Provided records: Begin

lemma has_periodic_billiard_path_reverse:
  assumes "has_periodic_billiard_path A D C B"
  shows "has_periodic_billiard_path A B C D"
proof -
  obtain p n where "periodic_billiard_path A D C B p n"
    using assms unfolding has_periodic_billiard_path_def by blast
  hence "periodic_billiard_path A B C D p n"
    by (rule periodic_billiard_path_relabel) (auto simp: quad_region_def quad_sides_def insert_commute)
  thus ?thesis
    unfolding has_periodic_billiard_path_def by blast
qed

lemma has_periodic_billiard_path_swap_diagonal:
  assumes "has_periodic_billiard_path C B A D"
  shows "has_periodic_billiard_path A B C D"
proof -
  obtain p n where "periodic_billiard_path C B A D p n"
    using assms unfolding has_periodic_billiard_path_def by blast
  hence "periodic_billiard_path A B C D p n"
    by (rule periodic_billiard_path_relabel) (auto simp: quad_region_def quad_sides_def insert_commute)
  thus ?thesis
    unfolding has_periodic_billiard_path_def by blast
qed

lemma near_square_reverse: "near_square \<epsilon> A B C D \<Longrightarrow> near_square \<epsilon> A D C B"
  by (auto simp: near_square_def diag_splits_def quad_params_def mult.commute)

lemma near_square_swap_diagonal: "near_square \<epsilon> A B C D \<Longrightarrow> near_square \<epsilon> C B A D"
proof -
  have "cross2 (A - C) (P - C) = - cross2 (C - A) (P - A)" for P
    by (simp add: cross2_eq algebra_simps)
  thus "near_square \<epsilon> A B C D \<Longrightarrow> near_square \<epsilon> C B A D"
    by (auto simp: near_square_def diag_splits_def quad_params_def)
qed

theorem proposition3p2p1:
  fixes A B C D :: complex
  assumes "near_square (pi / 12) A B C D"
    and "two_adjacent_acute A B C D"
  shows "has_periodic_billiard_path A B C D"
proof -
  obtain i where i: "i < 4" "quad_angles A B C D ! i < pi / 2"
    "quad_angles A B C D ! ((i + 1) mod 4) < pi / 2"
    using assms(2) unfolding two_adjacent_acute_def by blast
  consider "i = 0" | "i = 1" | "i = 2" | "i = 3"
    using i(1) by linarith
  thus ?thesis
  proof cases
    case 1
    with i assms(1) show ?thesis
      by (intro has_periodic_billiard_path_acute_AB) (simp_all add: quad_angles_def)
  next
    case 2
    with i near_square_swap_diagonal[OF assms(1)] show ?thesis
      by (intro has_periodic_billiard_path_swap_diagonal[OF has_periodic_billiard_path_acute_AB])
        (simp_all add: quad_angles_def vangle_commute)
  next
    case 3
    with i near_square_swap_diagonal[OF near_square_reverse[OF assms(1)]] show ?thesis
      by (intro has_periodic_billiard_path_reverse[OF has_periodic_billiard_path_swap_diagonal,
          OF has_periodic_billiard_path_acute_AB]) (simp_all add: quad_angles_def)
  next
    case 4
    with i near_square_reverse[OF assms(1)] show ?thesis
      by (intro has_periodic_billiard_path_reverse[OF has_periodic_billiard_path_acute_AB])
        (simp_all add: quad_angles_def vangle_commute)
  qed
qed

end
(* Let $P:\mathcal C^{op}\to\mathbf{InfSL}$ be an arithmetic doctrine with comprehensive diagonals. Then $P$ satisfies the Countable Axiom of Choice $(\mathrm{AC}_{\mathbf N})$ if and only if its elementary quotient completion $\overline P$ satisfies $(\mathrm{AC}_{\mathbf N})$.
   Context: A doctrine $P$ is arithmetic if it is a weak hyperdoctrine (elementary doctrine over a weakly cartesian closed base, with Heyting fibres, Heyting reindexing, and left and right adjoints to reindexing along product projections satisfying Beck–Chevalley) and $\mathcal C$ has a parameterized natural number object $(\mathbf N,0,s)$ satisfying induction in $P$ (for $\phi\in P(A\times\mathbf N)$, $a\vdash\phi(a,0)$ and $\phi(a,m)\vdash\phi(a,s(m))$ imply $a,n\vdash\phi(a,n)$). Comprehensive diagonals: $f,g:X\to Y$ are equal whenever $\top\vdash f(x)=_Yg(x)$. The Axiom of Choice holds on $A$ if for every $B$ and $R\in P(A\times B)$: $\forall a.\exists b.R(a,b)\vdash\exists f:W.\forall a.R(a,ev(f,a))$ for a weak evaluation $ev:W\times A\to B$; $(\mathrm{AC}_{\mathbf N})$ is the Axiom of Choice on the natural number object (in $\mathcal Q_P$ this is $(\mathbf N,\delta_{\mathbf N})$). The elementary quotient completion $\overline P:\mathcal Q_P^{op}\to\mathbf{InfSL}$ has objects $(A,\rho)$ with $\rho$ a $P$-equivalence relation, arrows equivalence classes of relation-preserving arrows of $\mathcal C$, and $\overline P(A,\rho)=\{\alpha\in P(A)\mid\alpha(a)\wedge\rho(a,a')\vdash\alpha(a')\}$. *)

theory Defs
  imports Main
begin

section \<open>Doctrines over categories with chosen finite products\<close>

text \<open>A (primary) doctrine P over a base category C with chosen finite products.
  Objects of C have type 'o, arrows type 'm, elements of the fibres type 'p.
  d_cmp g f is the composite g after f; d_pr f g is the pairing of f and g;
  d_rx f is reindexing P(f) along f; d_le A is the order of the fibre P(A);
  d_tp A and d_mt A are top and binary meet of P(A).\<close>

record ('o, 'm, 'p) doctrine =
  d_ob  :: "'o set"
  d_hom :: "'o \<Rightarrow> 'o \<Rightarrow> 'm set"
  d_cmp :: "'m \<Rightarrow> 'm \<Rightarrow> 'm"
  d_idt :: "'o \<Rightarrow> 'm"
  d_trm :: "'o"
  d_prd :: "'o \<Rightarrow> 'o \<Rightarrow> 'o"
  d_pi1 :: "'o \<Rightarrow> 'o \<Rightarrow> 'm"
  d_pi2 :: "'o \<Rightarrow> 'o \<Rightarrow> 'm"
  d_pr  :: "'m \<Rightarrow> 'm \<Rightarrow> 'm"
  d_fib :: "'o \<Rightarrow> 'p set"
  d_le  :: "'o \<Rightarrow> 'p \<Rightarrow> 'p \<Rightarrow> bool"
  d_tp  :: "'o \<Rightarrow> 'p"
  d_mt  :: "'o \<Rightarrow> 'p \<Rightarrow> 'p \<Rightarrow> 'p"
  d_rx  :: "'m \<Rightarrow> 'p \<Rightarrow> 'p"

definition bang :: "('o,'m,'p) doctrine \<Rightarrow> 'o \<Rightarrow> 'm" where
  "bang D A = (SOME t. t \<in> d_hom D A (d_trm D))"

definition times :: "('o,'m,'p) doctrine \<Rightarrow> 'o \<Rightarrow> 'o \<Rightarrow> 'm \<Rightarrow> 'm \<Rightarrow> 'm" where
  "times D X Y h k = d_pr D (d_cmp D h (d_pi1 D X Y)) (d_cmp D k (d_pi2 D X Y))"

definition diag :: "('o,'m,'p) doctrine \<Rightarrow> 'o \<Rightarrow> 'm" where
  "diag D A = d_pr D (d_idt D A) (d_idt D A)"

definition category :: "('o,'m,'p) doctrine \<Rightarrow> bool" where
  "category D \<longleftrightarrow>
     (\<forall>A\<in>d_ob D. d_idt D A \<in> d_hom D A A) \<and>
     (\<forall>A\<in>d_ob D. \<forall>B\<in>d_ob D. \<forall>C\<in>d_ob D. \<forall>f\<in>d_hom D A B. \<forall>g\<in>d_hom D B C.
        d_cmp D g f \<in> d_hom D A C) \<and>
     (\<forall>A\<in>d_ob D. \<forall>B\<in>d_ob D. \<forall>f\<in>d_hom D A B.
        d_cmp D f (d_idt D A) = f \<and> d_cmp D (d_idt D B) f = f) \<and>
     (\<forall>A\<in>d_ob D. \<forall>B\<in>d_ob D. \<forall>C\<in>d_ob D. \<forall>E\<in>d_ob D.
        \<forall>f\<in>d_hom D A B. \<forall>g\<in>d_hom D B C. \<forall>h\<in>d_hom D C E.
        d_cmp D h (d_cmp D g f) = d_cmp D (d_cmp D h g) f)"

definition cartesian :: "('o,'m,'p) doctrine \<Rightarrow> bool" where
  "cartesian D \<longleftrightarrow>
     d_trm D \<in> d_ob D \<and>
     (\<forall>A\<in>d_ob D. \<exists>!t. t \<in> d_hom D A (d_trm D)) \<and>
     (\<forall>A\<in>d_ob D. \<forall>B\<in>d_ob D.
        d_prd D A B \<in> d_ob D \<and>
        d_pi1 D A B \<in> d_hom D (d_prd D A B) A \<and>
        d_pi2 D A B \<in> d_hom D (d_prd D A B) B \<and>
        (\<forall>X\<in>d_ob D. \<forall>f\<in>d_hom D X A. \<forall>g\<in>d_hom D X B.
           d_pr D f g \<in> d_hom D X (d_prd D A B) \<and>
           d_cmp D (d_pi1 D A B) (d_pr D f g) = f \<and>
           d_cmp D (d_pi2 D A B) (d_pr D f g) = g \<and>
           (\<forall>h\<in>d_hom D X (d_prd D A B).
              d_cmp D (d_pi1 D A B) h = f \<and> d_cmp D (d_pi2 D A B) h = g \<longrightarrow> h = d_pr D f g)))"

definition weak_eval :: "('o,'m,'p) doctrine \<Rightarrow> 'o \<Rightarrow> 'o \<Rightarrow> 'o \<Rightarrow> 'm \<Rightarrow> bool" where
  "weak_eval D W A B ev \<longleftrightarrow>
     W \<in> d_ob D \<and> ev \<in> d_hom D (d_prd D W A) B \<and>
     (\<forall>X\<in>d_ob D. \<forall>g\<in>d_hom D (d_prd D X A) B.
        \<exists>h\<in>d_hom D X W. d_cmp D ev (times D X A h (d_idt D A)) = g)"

Provided records: End
Provided records: Begin

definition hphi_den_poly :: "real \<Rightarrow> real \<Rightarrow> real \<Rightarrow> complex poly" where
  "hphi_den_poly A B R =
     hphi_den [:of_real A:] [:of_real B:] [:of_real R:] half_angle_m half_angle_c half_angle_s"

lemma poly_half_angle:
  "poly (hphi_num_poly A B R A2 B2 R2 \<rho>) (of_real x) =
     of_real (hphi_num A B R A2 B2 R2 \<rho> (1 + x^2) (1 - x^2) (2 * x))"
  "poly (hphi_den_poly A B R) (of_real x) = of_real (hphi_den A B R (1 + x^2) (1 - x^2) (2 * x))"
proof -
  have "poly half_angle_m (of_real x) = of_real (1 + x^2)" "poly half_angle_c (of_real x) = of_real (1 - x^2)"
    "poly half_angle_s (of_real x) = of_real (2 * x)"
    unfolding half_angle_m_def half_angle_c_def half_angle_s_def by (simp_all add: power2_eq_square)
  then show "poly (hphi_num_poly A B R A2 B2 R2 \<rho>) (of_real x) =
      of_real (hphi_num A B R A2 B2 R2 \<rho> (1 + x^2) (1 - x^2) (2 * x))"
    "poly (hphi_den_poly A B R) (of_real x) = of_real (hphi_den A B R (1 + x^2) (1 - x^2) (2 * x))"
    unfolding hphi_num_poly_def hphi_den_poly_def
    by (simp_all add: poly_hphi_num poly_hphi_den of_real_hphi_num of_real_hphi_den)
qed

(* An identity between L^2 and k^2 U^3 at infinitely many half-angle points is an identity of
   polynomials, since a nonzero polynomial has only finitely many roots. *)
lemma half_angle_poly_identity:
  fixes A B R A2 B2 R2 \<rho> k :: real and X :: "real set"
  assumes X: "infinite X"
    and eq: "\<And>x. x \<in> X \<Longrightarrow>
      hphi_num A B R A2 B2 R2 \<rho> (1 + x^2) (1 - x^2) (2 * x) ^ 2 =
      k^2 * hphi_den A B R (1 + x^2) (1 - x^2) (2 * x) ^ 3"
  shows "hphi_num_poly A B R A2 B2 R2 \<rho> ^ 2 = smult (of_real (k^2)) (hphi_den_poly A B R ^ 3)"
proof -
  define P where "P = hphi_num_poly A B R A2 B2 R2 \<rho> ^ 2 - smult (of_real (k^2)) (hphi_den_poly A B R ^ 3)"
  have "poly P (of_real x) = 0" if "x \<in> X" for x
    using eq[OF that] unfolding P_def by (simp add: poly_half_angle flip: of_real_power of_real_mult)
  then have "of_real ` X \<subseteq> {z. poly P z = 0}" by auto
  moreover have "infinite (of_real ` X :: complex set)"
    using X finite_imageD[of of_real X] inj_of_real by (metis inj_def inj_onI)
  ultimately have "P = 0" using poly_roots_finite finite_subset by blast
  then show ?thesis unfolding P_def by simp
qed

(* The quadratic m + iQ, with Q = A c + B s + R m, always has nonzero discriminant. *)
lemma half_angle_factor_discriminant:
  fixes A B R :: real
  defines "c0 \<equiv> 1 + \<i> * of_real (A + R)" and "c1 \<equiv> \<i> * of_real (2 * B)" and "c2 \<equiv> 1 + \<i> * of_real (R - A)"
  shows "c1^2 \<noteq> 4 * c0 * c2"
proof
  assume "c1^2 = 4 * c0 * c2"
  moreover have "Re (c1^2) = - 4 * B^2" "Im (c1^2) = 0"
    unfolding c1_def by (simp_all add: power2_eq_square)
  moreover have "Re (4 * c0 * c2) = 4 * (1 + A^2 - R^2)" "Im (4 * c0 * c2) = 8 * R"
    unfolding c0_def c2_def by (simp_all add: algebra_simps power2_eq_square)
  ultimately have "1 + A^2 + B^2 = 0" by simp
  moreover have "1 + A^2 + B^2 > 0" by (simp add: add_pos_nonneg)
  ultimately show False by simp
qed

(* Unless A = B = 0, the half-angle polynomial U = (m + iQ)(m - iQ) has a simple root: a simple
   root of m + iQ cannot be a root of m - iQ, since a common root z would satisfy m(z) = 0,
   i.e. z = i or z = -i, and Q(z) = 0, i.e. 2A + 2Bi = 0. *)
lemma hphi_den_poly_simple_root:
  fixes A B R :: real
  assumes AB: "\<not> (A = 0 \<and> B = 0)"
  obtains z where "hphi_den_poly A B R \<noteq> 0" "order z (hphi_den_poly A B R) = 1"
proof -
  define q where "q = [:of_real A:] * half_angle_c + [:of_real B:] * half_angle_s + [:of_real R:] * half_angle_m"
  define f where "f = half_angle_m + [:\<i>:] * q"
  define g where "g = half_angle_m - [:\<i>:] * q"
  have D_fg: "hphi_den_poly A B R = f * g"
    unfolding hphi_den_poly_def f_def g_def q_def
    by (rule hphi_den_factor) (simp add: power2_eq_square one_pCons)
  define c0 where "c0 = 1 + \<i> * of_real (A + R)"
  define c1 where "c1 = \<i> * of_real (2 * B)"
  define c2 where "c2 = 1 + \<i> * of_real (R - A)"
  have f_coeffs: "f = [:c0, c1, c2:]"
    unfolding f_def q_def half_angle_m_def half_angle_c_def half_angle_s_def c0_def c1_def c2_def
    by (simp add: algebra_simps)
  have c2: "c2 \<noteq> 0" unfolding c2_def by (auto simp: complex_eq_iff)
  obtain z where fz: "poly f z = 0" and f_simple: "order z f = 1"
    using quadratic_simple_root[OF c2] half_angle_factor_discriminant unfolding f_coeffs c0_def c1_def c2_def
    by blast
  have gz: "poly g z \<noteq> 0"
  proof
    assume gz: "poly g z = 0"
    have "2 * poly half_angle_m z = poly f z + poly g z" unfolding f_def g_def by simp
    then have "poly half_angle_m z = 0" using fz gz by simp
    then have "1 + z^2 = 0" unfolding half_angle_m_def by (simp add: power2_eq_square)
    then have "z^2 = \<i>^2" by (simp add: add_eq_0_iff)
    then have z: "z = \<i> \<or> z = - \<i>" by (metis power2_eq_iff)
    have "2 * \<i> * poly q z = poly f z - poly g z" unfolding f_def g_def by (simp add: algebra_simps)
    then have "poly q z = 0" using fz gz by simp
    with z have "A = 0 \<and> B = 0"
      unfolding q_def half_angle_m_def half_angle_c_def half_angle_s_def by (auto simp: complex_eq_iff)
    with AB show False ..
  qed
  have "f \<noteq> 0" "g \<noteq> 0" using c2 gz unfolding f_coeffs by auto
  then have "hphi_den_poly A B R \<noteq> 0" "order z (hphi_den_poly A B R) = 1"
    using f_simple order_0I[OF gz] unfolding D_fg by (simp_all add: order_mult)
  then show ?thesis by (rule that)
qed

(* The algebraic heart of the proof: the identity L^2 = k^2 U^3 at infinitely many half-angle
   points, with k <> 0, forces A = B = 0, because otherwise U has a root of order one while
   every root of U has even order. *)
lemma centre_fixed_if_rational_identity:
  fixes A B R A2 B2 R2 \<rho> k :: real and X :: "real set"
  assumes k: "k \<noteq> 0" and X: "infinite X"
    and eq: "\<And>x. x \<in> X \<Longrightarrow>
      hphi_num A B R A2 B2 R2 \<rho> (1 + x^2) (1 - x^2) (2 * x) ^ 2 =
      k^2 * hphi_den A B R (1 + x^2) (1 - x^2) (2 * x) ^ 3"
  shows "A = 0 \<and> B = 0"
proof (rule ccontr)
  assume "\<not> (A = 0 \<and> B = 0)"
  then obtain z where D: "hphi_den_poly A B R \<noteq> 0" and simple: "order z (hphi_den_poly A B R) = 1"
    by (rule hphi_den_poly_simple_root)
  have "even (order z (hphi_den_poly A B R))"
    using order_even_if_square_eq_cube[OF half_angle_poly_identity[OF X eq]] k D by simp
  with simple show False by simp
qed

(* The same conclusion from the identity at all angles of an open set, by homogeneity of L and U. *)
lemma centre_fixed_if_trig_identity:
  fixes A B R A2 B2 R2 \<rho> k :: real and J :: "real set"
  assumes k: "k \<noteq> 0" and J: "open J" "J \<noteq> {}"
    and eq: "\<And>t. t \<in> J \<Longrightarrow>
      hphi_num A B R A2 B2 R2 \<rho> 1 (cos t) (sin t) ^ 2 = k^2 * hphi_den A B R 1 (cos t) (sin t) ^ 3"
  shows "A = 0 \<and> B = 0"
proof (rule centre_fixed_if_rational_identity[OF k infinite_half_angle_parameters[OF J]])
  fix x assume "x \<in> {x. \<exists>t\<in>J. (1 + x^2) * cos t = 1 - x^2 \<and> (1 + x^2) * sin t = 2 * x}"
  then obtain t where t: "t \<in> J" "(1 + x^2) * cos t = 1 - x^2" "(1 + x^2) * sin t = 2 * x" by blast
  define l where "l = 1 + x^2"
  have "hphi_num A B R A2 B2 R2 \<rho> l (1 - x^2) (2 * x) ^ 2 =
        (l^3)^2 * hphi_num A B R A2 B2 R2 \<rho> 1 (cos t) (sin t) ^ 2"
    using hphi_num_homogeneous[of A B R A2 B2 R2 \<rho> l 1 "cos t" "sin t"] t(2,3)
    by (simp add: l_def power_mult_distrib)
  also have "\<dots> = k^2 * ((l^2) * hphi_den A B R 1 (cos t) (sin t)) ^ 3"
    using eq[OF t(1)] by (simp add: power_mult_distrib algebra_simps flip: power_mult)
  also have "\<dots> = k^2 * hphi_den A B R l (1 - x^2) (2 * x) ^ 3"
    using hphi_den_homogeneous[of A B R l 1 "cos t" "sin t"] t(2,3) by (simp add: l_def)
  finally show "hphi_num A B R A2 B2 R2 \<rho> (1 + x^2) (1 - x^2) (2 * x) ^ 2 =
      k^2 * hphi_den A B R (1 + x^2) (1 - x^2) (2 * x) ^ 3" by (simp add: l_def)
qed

Provided records: End
Provided records: Begin

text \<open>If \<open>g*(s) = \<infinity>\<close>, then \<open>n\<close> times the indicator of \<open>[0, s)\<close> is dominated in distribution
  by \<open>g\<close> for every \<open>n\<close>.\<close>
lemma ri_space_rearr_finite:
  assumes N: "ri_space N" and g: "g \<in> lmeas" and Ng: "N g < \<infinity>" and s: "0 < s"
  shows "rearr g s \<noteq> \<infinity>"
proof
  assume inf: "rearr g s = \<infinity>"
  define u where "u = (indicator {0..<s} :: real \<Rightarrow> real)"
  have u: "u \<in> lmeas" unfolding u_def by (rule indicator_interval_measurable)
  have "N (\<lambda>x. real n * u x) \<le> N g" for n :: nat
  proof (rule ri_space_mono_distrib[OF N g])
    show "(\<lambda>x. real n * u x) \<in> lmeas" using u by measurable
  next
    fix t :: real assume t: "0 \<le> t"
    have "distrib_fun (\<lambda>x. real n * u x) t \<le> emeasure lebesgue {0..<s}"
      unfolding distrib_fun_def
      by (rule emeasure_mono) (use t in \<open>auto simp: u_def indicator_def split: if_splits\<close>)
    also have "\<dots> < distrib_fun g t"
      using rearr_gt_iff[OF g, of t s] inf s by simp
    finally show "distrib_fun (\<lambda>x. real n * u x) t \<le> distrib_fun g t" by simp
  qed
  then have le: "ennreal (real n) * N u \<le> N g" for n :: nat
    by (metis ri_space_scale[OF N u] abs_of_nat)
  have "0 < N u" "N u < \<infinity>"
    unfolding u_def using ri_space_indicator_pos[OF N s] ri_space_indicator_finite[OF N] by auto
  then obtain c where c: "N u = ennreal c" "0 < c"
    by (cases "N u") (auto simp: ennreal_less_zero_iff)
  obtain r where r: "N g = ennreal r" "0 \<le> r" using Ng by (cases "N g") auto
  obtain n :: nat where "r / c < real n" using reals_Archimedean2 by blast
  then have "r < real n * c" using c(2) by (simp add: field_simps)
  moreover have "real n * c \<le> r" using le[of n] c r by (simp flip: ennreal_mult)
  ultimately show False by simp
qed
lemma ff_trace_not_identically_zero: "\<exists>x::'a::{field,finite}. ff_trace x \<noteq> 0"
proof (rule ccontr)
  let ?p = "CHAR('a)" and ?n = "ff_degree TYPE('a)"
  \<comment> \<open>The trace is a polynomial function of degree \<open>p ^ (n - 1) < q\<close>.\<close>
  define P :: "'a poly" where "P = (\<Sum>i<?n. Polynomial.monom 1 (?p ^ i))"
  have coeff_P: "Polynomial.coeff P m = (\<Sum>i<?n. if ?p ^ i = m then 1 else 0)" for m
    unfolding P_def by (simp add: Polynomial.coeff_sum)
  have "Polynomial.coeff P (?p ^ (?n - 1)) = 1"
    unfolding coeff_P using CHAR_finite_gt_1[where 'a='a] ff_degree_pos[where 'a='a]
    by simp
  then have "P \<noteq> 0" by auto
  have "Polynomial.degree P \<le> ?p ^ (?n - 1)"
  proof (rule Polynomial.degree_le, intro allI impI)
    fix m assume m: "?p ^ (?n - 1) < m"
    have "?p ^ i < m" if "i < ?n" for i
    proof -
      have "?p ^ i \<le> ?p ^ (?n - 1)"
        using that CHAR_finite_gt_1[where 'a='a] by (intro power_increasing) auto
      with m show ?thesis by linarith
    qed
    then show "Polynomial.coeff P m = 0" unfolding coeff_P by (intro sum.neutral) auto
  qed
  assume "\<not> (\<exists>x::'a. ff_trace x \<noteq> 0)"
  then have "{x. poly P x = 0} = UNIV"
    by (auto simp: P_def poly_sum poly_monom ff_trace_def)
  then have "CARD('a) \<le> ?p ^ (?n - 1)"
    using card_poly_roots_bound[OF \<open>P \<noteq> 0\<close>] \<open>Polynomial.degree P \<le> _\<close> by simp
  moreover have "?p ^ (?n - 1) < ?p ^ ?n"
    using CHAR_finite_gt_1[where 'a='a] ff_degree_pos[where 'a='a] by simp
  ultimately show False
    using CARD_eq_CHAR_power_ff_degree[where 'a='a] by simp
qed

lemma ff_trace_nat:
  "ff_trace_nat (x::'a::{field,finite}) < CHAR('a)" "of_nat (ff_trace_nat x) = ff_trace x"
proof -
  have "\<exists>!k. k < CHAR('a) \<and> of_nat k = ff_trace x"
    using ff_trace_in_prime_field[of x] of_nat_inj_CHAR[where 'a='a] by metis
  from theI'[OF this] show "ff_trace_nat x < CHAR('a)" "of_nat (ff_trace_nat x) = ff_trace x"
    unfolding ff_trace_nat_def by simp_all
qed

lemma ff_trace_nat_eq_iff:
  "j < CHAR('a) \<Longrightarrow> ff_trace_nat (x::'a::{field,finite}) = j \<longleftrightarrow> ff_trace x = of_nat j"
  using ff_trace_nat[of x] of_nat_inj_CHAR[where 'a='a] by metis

Provided records: End

Beginning at the line with "define c1 where" and stopping after the line with "by (metis power2_eq_iff)", please write out every line of the data above exactly and nothing else.

  define c1 where "c1 = \<i> * of_real (2 * B)"
  define c2 where "c2 = 1 + \<i> * of_real (R - A)"
  have f_coeffs: "f = [:c0, c1, c2:]"
    unfolding f_def q_def half_angle_m_def half_angle_c_def half_angle_s_def c0_def c1_def c2_def
    by (simp add: algebra_simps)
  have c2: "c2 \<noteq> 0" unfolding c2_def by (auto simp: complex_eq_iff)
  obtain z where fz: "poly f z = 0" and f_simple: "order z f = 1"
    using quadratic_simple_root[OF c2] half_angle_factor_discriminant unfolding f_coeffs c0_def c1_def c2_def
    by blast
  have gz: "poly g z \<noteq> 0"
  proof
    assume gz: "poly g z = 0"
    have "2 * poly half_angle_m z = poly f z + poly g z" unfolding f_def g_def by simp
    then have "poly half_angle_m z = 0" using fz gz by simp
    then have "1 + z^2 = 0" unfolding half_angle_m_def by (simp add: power2_eq_square)
    then have "z^2 = \<i>^2" by (simp add: add_eq_0_iff)
    then have z: "z = \<i> \<or> z = - \<i>" by (metis power2_eq_iff)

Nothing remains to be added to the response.